• [Exercise directions]: The records follow. Print, word for word, the first line through the "('a::field \<Rightarrow> 'a)" line.
* * *
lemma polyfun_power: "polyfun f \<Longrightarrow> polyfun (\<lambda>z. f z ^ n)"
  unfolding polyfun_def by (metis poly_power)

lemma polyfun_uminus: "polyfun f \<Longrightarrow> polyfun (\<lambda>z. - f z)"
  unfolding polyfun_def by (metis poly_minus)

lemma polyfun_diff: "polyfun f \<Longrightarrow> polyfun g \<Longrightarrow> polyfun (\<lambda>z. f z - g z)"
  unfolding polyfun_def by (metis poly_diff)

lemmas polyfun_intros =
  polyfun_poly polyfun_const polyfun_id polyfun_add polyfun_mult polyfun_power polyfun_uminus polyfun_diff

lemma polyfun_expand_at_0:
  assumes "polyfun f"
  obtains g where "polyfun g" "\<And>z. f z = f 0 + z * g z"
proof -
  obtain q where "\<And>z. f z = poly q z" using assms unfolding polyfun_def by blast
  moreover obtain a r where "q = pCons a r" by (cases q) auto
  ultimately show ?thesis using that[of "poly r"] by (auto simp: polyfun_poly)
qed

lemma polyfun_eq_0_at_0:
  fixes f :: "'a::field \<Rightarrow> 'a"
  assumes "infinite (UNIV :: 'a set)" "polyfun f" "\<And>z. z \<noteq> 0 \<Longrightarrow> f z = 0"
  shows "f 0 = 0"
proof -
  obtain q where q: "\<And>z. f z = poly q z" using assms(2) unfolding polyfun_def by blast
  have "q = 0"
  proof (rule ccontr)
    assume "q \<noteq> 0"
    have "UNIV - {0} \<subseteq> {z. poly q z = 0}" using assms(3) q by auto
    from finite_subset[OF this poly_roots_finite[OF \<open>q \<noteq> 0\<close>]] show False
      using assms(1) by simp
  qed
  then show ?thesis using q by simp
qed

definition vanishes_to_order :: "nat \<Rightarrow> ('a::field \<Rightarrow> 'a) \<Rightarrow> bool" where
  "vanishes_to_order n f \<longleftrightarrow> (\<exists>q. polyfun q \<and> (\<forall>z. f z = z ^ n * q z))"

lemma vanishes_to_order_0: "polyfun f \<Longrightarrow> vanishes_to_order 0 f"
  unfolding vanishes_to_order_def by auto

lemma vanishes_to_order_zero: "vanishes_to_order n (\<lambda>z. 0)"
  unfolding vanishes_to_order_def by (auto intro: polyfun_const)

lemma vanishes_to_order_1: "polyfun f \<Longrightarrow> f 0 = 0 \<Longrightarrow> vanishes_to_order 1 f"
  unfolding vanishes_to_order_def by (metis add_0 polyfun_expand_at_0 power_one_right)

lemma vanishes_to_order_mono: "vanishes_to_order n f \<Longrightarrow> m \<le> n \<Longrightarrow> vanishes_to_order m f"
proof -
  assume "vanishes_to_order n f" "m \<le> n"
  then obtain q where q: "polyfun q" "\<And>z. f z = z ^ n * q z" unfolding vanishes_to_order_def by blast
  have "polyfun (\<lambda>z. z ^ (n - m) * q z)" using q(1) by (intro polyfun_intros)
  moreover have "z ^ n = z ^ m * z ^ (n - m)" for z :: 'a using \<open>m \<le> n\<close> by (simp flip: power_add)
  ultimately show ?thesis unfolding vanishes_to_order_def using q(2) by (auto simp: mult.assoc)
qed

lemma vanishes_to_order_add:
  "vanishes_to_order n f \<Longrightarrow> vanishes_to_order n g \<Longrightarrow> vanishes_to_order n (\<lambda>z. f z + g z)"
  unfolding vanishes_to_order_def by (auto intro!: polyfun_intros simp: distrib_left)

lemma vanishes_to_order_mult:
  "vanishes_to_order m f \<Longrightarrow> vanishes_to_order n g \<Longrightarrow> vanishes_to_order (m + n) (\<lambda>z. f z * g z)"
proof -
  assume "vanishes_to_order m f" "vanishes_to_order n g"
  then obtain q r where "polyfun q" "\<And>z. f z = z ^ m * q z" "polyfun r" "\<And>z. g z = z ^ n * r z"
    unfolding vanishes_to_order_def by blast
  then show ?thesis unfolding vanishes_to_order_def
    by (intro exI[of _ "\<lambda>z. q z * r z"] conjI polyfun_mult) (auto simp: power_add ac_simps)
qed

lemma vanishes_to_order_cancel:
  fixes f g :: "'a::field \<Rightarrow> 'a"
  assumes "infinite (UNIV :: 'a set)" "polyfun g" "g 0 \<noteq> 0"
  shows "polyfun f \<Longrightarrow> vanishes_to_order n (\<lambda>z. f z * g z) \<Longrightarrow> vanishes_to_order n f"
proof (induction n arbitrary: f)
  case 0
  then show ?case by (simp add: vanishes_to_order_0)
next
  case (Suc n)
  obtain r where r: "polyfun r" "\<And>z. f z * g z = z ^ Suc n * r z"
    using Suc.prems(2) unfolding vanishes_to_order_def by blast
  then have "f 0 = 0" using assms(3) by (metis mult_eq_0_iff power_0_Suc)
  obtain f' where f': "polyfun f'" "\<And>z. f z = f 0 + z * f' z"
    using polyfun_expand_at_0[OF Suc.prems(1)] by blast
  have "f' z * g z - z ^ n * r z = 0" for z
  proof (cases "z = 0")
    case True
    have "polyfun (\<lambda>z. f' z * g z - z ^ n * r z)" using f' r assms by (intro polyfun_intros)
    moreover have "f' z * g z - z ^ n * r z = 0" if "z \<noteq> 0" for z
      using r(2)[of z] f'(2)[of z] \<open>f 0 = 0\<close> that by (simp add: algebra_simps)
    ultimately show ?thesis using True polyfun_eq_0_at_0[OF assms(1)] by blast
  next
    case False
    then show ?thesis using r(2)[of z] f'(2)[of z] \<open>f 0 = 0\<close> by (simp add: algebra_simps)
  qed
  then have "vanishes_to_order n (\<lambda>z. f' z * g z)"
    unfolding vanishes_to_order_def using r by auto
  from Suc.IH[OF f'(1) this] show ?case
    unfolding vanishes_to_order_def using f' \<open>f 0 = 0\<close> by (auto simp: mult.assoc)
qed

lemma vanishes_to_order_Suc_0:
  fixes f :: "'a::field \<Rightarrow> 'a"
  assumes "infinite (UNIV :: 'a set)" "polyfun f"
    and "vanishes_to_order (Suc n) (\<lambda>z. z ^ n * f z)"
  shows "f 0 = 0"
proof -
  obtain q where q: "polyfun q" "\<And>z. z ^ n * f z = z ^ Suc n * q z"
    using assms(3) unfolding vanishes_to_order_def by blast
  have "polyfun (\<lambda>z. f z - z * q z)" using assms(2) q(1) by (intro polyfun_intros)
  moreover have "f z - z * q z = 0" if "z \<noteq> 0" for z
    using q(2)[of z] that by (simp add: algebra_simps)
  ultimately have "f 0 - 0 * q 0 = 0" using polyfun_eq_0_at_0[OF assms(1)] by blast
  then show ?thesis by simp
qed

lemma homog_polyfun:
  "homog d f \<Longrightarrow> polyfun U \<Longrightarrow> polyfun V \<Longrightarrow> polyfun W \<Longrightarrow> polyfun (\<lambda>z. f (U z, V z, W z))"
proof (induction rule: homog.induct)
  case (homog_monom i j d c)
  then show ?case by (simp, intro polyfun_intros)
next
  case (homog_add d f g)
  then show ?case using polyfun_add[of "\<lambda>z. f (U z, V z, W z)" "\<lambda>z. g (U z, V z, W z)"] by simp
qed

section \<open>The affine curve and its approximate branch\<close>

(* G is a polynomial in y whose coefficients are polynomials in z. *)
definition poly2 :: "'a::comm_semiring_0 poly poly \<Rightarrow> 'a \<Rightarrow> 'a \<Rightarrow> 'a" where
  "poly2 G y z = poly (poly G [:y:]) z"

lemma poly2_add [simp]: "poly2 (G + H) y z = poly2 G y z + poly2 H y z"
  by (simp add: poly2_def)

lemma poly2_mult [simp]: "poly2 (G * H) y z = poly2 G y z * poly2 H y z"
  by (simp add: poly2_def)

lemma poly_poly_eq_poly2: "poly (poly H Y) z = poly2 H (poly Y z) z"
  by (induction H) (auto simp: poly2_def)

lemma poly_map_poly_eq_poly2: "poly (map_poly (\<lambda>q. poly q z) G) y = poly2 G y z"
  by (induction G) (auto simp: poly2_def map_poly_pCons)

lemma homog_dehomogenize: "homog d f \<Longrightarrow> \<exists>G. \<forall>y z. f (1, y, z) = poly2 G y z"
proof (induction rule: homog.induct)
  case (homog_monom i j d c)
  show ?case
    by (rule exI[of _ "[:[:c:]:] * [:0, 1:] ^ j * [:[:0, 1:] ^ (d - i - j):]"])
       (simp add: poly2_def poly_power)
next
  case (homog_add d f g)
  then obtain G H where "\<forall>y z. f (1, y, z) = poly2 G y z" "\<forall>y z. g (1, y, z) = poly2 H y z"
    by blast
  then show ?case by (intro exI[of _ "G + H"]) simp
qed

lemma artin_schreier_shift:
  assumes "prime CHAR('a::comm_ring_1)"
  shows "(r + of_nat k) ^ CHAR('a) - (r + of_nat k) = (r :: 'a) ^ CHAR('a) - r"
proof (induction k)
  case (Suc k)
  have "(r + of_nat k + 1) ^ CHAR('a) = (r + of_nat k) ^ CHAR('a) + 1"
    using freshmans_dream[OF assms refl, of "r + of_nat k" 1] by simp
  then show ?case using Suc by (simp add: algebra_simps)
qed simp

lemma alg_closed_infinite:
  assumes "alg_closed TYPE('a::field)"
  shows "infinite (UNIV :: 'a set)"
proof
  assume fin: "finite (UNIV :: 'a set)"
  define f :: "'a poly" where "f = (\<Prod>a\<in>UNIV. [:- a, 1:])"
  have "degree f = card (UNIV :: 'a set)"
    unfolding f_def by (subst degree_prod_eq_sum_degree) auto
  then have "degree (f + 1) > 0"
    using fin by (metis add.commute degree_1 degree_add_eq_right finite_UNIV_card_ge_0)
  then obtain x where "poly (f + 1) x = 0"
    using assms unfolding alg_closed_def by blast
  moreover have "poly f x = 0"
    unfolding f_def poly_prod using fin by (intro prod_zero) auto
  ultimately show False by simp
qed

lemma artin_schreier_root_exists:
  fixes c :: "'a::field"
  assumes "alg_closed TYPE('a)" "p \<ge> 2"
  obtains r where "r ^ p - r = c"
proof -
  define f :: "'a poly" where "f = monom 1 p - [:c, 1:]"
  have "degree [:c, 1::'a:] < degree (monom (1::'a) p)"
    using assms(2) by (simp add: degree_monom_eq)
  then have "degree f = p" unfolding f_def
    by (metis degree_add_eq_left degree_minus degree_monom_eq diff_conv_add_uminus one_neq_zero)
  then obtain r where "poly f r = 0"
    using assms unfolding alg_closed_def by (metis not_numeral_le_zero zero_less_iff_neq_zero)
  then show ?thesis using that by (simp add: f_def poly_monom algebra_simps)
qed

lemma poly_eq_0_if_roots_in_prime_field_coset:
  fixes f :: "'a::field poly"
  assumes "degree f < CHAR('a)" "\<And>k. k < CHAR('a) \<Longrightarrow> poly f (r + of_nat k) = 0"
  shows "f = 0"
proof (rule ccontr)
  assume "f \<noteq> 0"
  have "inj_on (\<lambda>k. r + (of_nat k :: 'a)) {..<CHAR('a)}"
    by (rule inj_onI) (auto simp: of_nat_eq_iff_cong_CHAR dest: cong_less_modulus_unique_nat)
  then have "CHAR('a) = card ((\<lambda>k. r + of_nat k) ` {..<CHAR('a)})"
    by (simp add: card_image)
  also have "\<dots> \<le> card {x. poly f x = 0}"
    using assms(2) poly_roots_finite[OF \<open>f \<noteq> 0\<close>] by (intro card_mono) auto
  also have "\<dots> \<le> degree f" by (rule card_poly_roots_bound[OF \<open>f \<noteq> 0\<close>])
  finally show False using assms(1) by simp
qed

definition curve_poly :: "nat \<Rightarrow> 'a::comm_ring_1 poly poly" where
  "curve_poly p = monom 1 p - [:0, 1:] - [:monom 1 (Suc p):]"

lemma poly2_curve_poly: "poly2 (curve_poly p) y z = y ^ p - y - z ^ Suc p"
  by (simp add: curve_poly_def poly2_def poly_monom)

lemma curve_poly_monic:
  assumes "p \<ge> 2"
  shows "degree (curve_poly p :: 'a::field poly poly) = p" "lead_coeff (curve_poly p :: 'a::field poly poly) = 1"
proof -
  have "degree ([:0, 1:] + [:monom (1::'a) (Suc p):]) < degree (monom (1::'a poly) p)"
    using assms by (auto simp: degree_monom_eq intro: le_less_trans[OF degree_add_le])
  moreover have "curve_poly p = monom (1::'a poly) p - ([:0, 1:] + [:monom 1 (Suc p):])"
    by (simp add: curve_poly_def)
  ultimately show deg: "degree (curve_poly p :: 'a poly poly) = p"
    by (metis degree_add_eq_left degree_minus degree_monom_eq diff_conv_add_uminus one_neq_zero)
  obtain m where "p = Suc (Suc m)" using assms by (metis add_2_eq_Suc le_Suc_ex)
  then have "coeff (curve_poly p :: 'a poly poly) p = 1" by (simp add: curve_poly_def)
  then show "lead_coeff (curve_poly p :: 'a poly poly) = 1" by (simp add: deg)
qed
* * *
• [Exercise result]:
lemma polyfun_power: "polyfun f \<Longrightarrow> polyfun (\<lambda>z. f z ^ n)"
  unfolding polyfun_def by (metis poly_power)

lemma polyfun_uminus: "polyfun f \<Longrightarrow> polyfun (\<lambda>z. - f z)"
  unfolding polyfun_def by (metis poly_minus)

lemma polyfun_diff: "polyfun f \<Longrightarrow> polyfun g \<Longrightarrow> polyfun (\<lambda>z. f z - g z)"
  unfolding polyfun_def by (metis poly_diff)

lemmas polyfun_intros =
  polyfun_poly polyfun_const polyfun_id polyfun_add polyfun_mult polyfun_power polyfun_uminus polyfun_diff

lemma polyfun_expand_at_0:
  assumes "polyfun f"
  obtains g where "polyfun g" "\<And>z. f z = f 0 + z * g z"
proof -
  obtain q where "\<And>z. f z = poly q z" using assms unfolding polyfun_def by blast
  moreover obtain a r where "q = pCons a r" by (cases q) auto
  ultimately show ?thesis using that[of "poly r"] by (auto simp: polyfun_poly)
qed

lemma polyfun_eq_0_at_0:
  fixes f :: "'a::field \<Rightarrow> 'a"
  assumes "infinite (UNIV :: 'a set)" "polyfun f" "\<And>z. z \<noteq> 0 \<Longrightarrow> f z = 0"
  shows "f 0 = 0"
proof -
  obtain q where q: "\<And>z. f z = poly q z" using assms(2) unfolding polyfun_def by blast
  have "q = 0"
  proof (rule ccontr)
    assume "q \<noteq> 0"
    have "UNIV - {0} \<subseteq> {z. poly q z = 0}" using assms(3) q by auto
    from finite_subset[OF this poly_roots_finite[OF \<open>q \<noteq> 0\<close>]] show False
      using assms(1) by simp
  qed
  then show ?thesis using q by simp
qed

definition vanishes_to_order :: "nat \<Rightarrow> ('a::field \<Rightarrow> 'a) \<Rightarrow> bool" where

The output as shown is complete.